After lunch, we gathered in the range, and the safety brief was given. In addition to the “4 rules of firearms,” a fifth was added to the mix: Keep the firearm inaccessible to unauthorized individuals.” This is very important given the multitude of instances where children have gotten a hold of firearms and negative outcomes have occurred. Melody and John are of the opinion that this includes off body carry such as a woman having a pistol in a purse. “If you are going to carry off body, you must retain positive control of that purse and firearm” was the message conveyed. An example of a recent incident was given where a child reached into a purse that had a gun while the family was out shopping and he managed to discharge the firearm and kill his mother. This was one of many examples of the need for accountability and responsibility in each of our decisions that we make involving firearms, including the accountability of where our rounds go, and where our muzzle is pointing. This segued into the instruction of the ready position we would be using, the Thumb Pectoral index ready position. The gun is brought back close to the body in either a two or one handed grip and the muzzle is kept perpendicular to the ground. Examples were given about the use of other “administrative” positions such as Sul, low ready, and Temple Index, and how now that we are involving children that are shorter than us in the equation, muzzle awareness needs to be among the top priorities of how we conduct ourselves. Our live fire portion of the day consisted of a baseline skills run through with some heavy emphasis of one handed shooting. Accuracy and round accountability were continually stressed. There was a feeling of natural progression through the skills, and we moved fairly easily through this stage. Melody and John were able to help a couple of shooters deal with technical problems with ease, and without slowing the class down. Day one ended with a run through of the FBI qualification course in which I scored a 98%.
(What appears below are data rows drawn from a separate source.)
lemma lift_pow_commute_prod:
  assumes k: "k < n" and "k' \<le> k"
  shows "ext_pow (lift k) r \<odot> lift_prod k' t
    = lift_prod k' t \<odot> ext_pow (lift k) r \<odot> central (\<Sum>i<k'. natmul (t i * r) (lift_comm i k))"
  using assms(2)
proof (induction k')
  case (Suc k')
  let ?U = "ext_pow (lift k) r" and ?S = "lift_prod k' t" and ?L = "ext_pow (lift k') (t k')"
  let ?X = "\<Sum>i<k'. natmul (t i * r) (lift_comm i k)" and ?Y = "natmul (t k' * r) (lift_comm k' k)"
  have k': "k' < n"
    using Suc k by simp
  have "?U \<odot> lift_prod (Suc k') t = ?S \<odot> ?U \<odot> central ?X \<odot> ?L"
    using Suc by (simp add: ext_mul_assoc)
  also have "\<dots> = ?S \<odot> (?U \<odot> ?L) \<odot> central ?X"
    by (simp add: mul_central_commute ext_mul_assoc)
  also have "?U \<odot> ?L = ?L \<odot> ?U \<odot> central ?Y"
    using commutator_pow[of "lift k" "lift k'" "lift_comm k' k" r "t k'"] lift_commute[OF k' k] k k'
    by (simp add: mult.commute)
  also have "?S \<odot> (?L \<odot> ?U \<odot> central ?Y) \<odot> central ?X = lift_prod (Suc k') t \<odot> ?U \<odot> central (?Y + ?X)"
    by (simp add: ext_mul_assoc mul_central_central)
  finally show ?case
    by (simp add: add.commute)
qed simp

definition prod_defect :: "nat \<Rightarrow> (nat \<Rightarrow> nat) \<Rightarrow> (nat \<Rightarrow> nat) \<Rightarrow> 'a" where
  "prod_defect k s t = (\<Sum>i<k. natmul ((s i + t i) div p ^ m i) (lift_period i))
    + (\<Sum>j<k. \<Sum>i<j. natmul (t i * s j) (lift_comm i j))"

lemma lift_prod_mul:
  assumes "k \<le> n"
  shows "lift_prod k s \<odot> lift_prod k t = lift_prod k (gm s t) \<odot> central (prod_defect k s t)"
  using assms
proof (induction k)
  case 0
  then show ?case
    by (simp add: prod_defect_def)
next
  case (Suc k)
  then have k: "k < n" and IH: "lift_prod k s \<odot> lift_prod k t = lift_prod k (gm s t) \<odot> central (prod_defect k s t)"
    by simp_all
  let ?Ss = "lift_prod k s" and ?St = "lift_prod k t" and ?Sst = "lift_prod k (gm s t)"
  let ?Ls = "ext_pow (lift k) (s k)" and ?Lt = "ext_pow (lift k) (t k)"
  let ?X = "\<Sum>i<k. natmul (t i * s k) (lift_comm i k)"
  let ?Q = "natmul ((s k + t k) div p ^ m k) (lift_period k)"
  have "lift_prod (Suc k) s \<odot> lift_prod (Suc k) t = ?Ss \<odot> (?Ls \<odot> ?St) \<odot> ?Lt"
    by (simp add: ext_mul_assoc)
  also have "\<dots> = ?Ss \<odot> ?St \<odot> (?Ls \<odot> ?Lt) \<odot> central ?X"
    using lift_pow_commute_prod[OF k, of k "s k" t]
    by (simp add: ext_mul_assoc mul_central_commute)
  also have "?Ls \<odot> ?Lt = ext_pow (lift k) (gm s t k) \<odot> central ?Q"
    using k by (simp add: ext_pow_add gmul_def lift_pow_div_mod[OF k, of "s k + t k"])
  also have "?Ss \<odot> ?St = ?Sst \<odot> central (prod_defect k s t)"
    by (rule IH)
  also have "?Sst \<odot> central (prod_defect k s t) \<odot> (ext_pow (lift k) (gm s t k) \<odot> central ?Q) \<odot> central ?X
      = lift_prod (Suc k) (gm s t) \<odot> central (prod_defect k s t + ?Q + ?X)"
    by (simp add: mul_central_mul_central mul_central_central)
  also have "prod_defect k s t + ?Q + ?X = prod_defect (Suc k) s t"
    by (simp add: prod_defect_def algebra_simps)
  finally show ?case .
qed

text \<open>The section \<open>s \<mapsto> lift_prod n s\<close> of \<open>E \<rightarrow> G\<close> shows that \<open>f\<close> differs from
  \<open>prod_defect n\<close>, i.e. from an \<open>alpha\<close>, by the coboundary of its first component.\<close>

lemma cohomologous2_alpha:
  "\<exists>a b. (\<forall>l\<in>Lam n. natmul (p ^ m (fst l)) (b l) = 0) \<and> cohomologous2 n m p f (alpha n m p a b)"
proof (intro exI conjI)
  let ?b = "\<lambda>l. - lift_comm (fst l) (snd l)"
  show "\<forall>l\<in>Lam n. natmul (p ^ m (fst l)) (?b l) = 0"
    by (auto simp: Lam_def natmul_minus_right natmul_lift_comm)
  show "cohomologous2 n m p f (alpha n m p lift_period ?b)"
    unfolding cohomologous2_def coboundary2_def
  proof (intro exI[of _ "\<lambda>s. - fst (lift_prod n s)"] ballI)
    fix g h assume g: "g \<in> G" and h: "h \<in> G"
    have "snd (lift_prod n g) = g" "snd (lift_prod n h) = h"
      using g h by (auto simp: snd_lift_prod grp_def)
    then have "fst (lift_prod n g) + fst (lift_prod n h) + f g h
        = fst (lift_prod n (gm g h)) + prod_defect n g h"
      using arg_cong[OF lift_prod_mul[of n g h], of fst] by (simp add: fst_ext_mul mul_central)
    moreover have "prod_defect n g h = alpha n m p lift_period ?b g h"
      using g h by (simp add: prod_defect_def alpha_def sum_Lam natmul_minus_right sum_negf)
    ultimately show "f g h - alpha n m p lift_period ?b g h
        = - fst (lift_prod n h) - - fst (lift_prod n (gm g h)) + - fst (lift_prod n g)"
      by (simp add: algebra_simps)
  qed
qed

end

context cyclic_product
begin

lemma cocycle2_zero_left:
  assumes "cocycle2 n m p f" "k \<in> G"
  shows "f (\<lambda>_. 0) k = f (\<lambda>_. 0) (\<lambda>_. 0)"
proof -
  have "delta2 n m p f (\<lambda>_. 0) (\<lambda>_. 0) k = 0"
    using assms by (simp add: cocycle2_iff_delta2)
  then show ?thesis
    using assms(2) by (simp add: delta2_def)
qed

lemma cocycle2_zero_right:
  assumes "cocycle2 n m p f" "g \<in> G"
  shows "f g (\<lambda>_. 0) = f (\<lambda>_. 0) (\<lambda>_. 0)"
proof -
  have "delta2 n m p f g (\<lambda>_. 0) (\<lambda>_. 0) = 0"
    using assms by (simp add: cocycle2_iff_delta2)
  then show ?thesis
    using assms(2) by (simp add: delta2_def)
qed

lemma cocycle2_cohomologous_alpha:
  assumes f: "cocycle2 n m p f"
  shows "\<exists>a b. (\<forall>l\<in>Lam n. natmul (p ^ m (fst l)) (b l) = 0) \<and> cohomologous2 n m p f (alpha n m p a b)"
proof -
  define c where "c = f (\<lambda>_. 0) (\<lambda>_. 0)"
  have "cocycle2 n m p (\<lambda>s t. f s t - c)"
    using f by (intro cocycle2_diff) (simp_all add: cocycle2_def)
  moreover have "f (\<lambda>_. 0) k - c = 0" if "k \<in> G" for k
    using cocycle2_zero_left[OF f that] by (simp add: c_def)
  moreover have "f g (\<lambda>_. 0) - c = 0" if "g \<in> G" for g
    using cocycle2_zero_right[OF f that] by (simp add: c_def)
  ultimately interpret normalized_cocycle n m p "\<lambda>s t. f s t - c"
    by unfold_locales
  obtain a b where b: "\<forall>l\<in>Lam n. natmul (p ^ m (fst l)) (b l) = 0"
    and "coboundary2 n m p (\<lambda>s t. f s t - c - alpha n m p a b s t)"
    using cohomologous2_alpha unfolding cohomologous2_def by blast
  then have "coboundary2 n m p (\<lambda>s t. (f s t - c - alpha n m p a b s t) + c)"
    by (intro coboundary2_add coboundary2_const)
  then have "cohomologous2 n m p f (alpha n m p a b)"
    by (simp add: cohomologous2_def)
  with b show ?thesis
    by blast
qed

end
lemma hs_inner_mult_left: "hs_inner X (A ** Y) = hs_inner (cadj A ** X) Y"
proof -
  have "hs_inner X (A ** Y) = (\<Sum>i\<in>UNIV. \<Sum>j\<in>UNIV. \<Sum>k\<in>UNIV. cnj (X $ i $ j) * A $ i $ k * Y $ k $ j)"
    by (simp add: hs_inner_def matrix_matrix_mult_nth sum_distrib_left mult.assoc)
  also have "\<dots> = (\<Sum>i\<in>UNIV. \<Sum>k\<in>UNIV. \<Sum>j\<in>UNIV. cnj (X $ i $ j) * A $ i $ k * Y $ k $ j)"
    by (rule sum.cong[OF refl], rule sum.swap)
  also have "\<dots> = (\<Sum>k\<in>UNIV. \<Sum>i\<in>UNIV. \<Sum>j\<in>UNIV. cnj (X $ i $ j) * A $ i $ k * Y $ k $ j)"
    by (rule sum.swap)
  also have "\<dots> = (\<Sum>k\<in>UNIV. \<Sum>j\<in>UNIV. \<Sum>i\<in>UNIV. cnj (X $ i $ j) * A $ i $ k * Y $ k $ j)"
    by (rule sum.cong[OF refl], rule sum.swap)
  also have "\<dots> = hs_inner (cadj A ** X) Y"
    by (simp add: hs_inner_def matrix_matrix_mult_nth sum_distrib_left sum_distrib_right cnj_sum mult_ac)
  finally show ?thesis .
qed

lemma hs_inner_mult_right: "hs_inner X (Y ** A) = hs_inner (X ** cadj A) Y"
proof -
  have "hs_inner X (Y ** A) = (\<Sum>i\<in>UNIV. \<Sum>j\<in>UNIV. \<Sum>k\<in>UNIV. cnj (X $ i $ j) * Y $ i $ k * A $ k $ j)"
    by (simp add: hs_inner_def matrix_matrix_mult_nth sum_distrib_left mult.assoc)
  also have "\<dots> = (\<Sum>i\<in>UNIV. \<Sum>k\<in>UNIV. \<Sum>j\<in>UNIV. cnj (X $ i $ j) * Y $ i $ k * A $ k $ j)"
    by (rule sum.cong[OF refl], rule sum.swap)
  also have "\<dots> = hs_inner (X ** cadj A) Y"
    by (simp add: hs_inner_def matrix_matrix_mult_nth sum_distrib_left sum_distrib_right cnj_sum mult_ac)
  finally show ?thesis .
qed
Day one was well processed, and aside from some hiccups with students and timing, ran smoothly. Multiple times during day one, it was reinforced that everything we were doing was leading up to what we would we would be executing the next day. John and Melody adapted to the skill level of the class well, and were able to move through material as needed to keep things from becoming stagnant. It was evident that this was still a new program that was being refined, but through the give and take between John and Melody, I was able to be relaxed and learn. Safety was priority number one at all times, and the focus on Muzzle awareness was almost overwhelming, but it was a very important aspect of the training.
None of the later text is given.